DATA SUPPLIED:
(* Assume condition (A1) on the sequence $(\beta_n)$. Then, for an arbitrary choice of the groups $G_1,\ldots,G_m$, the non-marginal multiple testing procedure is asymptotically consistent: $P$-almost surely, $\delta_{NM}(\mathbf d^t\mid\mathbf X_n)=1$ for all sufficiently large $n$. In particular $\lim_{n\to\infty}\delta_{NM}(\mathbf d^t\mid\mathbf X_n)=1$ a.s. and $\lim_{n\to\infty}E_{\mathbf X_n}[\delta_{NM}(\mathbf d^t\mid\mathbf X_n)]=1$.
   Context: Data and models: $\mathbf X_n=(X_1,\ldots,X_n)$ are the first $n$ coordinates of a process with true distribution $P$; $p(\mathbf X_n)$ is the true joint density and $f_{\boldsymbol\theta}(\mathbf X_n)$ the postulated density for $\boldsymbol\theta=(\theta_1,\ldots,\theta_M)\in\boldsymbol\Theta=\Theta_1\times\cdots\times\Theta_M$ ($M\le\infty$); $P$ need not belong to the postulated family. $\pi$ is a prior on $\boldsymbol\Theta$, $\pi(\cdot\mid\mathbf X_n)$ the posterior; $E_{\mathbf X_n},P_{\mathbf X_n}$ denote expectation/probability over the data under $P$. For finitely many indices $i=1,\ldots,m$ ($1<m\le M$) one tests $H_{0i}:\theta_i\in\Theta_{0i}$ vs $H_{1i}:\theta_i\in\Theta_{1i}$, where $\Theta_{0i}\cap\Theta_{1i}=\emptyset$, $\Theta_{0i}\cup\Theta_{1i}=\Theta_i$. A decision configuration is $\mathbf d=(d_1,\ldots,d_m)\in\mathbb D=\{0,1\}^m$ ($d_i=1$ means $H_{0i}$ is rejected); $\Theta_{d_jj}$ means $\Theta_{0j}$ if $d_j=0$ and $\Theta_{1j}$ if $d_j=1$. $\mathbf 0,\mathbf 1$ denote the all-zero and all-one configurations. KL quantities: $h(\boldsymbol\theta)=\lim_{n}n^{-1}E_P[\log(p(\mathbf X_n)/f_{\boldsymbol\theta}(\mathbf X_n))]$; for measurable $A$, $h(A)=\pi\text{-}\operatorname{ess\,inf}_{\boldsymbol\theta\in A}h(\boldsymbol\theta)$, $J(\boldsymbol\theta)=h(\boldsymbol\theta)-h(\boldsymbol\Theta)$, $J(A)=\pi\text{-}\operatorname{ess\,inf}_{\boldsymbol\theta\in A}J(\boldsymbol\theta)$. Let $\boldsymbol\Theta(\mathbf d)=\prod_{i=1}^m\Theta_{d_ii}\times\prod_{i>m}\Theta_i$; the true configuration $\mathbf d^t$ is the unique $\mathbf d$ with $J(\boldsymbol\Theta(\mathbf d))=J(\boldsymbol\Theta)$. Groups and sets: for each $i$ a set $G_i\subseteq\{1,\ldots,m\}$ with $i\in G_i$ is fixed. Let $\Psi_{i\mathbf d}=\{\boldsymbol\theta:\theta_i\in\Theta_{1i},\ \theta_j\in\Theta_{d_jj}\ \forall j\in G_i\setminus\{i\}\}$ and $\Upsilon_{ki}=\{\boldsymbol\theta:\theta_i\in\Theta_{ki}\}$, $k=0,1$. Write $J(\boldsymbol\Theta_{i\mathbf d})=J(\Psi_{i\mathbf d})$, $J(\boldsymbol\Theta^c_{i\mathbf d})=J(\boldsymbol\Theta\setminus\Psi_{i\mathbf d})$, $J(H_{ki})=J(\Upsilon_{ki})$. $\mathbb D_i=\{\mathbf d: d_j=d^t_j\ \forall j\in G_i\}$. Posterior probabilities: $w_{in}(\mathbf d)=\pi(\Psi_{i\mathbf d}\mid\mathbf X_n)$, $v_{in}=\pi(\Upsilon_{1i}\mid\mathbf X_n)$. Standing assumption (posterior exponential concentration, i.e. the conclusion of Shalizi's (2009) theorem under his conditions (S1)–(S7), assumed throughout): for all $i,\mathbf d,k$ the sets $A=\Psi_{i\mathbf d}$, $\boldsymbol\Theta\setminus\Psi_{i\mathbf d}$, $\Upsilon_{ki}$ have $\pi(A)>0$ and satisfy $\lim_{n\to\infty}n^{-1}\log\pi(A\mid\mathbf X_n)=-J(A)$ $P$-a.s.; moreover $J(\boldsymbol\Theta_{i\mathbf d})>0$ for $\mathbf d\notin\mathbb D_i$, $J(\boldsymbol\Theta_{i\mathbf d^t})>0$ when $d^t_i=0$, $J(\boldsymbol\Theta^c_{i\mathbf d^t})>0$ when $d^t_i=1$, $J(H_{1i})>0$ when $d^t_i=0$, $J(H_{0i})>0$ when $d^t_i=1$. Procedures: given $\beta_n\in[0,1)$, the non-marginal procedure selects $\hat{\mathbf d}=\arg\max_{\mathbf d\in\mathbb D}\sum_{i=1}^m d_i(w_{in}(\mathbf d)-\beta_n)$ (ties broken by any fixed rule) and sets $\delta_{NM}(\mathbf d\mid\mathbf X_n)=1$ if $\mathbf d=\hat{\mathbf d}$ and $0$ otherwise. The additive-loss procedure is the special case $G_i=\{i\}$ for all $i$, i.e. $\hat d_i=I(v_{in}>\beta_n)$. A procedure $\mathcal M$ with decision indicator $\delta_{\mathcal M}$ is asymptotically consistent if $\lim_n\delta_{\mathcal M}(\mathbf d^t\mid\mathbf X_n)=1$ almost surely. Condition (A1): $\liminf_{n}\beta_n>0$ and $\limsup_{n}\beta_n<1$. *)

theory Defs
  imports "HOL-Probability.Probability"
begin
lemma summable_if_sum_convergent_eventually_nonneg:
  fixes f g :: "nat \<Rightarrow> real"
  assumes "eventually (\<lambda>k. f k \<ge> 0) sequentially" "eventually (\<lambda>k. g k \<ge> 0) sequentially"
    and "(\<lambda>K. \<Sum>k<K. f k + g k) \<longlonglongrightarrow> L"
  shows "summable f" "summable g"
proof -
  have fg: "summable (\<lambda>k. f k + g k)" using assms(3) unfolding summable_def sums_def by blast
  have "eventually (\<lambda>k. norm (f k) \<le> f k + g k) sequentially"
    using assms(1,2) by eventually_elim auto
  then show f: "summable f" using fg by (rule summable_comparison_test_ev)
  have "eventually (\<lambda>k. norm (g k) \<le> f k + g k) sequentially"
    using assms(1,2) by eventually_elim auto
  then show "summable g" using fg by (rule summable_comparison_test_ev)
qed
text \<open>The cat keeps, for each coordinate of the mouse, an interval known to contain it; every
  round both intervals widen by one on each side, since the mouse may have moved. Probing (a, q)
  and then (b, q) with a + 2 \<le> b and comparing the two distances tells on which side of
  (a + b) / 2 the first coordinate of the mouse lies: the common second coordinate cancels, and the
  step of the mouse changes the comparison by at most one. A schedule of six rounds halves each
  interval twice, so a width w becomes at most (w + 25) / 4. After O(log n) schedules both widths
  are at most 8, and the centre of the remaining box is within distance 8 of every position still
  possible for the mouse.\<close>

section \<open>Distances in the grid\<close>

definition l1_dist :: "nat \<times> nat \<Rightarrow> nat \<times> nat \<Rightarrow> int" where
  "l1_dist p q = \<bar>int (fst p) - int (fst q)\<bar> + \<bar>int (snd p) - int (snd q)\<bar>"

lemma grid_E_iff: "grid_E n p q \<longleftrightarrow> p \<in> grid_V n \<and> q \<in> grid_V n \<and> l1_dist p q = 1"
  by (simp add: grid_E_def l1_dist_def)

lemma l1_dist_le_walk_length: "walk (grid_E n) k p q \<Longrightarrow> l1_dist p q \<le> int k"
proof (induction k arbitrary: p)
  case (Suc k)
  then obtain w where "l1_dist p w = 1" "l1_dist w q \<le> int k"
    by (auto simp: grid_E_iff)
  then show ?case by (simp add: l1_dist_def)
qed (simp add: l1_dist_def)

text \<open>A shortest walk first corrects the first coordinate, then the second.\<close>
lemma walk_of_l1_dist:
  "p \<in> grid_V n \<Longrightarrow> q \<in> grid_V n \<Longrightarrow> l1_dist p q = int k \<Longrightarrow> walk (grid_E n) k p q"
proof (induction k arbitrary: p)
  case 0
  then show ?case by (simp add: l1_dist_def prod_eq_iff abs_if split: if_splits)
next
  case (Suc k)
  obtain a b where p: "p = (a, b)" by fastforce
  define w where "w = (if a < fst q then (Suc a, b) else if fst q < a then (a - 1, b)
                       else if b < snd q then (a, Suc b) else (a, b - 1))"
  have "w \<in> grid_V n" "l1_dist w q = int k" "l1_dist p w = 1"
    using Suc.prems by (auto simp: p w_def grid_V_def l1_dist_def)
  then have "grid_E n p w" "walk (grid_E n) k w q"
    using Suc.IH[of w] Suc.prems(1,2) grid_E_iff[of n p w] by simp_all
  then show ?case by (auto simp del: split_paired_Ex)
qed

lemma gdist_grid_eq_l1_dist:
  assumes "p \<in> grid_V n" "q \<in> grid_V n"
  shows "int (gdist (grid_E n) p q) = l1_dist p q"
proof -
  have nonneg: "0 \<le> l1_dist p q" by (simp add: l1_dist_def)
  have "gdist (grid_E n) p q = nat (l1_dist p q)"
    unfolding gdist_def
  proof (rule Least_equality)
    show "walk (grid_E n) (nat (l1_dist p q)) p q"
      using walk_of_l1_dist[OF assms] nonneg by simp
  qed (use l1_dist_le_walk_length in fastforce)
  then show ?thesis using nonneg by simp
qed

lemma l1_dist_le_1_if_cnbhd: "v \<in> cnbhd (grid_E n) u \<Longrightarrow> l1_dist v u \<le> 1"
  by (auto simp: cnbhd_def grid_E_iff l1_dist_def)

PROBLEM REQUIREMENTS: After locating the line with "(\<lambda>k. norm (f" in the material above, return it and each line after it exactly, ending at the line with "possible for the mouse.\<close>".

EXERCISE RESPONSE:
  have "eventually (\<lambda>k. norm (f k) \<le> f k + g k) sequentially"
    using assms(1,2) by eventually_elim auto
  then show f: "summable f" using fg by (rule summable_comparison_test_ev)
  have "eventually (\<lambda>k. norm (g k) \<le> f k + g k) sequentially"
    using assms(1,2) by eventually_elim auto
  then show "summable g" using fg by (rule summable_comparison_test_ev)
qed
text \<open>The cat keeps, for each coordinate of the mouse, an interval known to contain it; every
  round both intervals widen by one on each side, since the mouse may have moved. Probing (a, q)
  and then (b, q) with a + 2 \<le> b and comparing the two distances tells on which side of
  (a + b) / 2 the first coordinate of the mouse lies: the common second coordinate cancels, and the
  step of the mouse changes the comparison by at most one. A schedule of six rounds halves each
  interval twice, so a width w becomes at most (w + 25) / 4. After O(log n) schedules both widths
  are at most 8, and the centre of the remaining box is within distance 8 of every position still
  possible for the mouse.\<close>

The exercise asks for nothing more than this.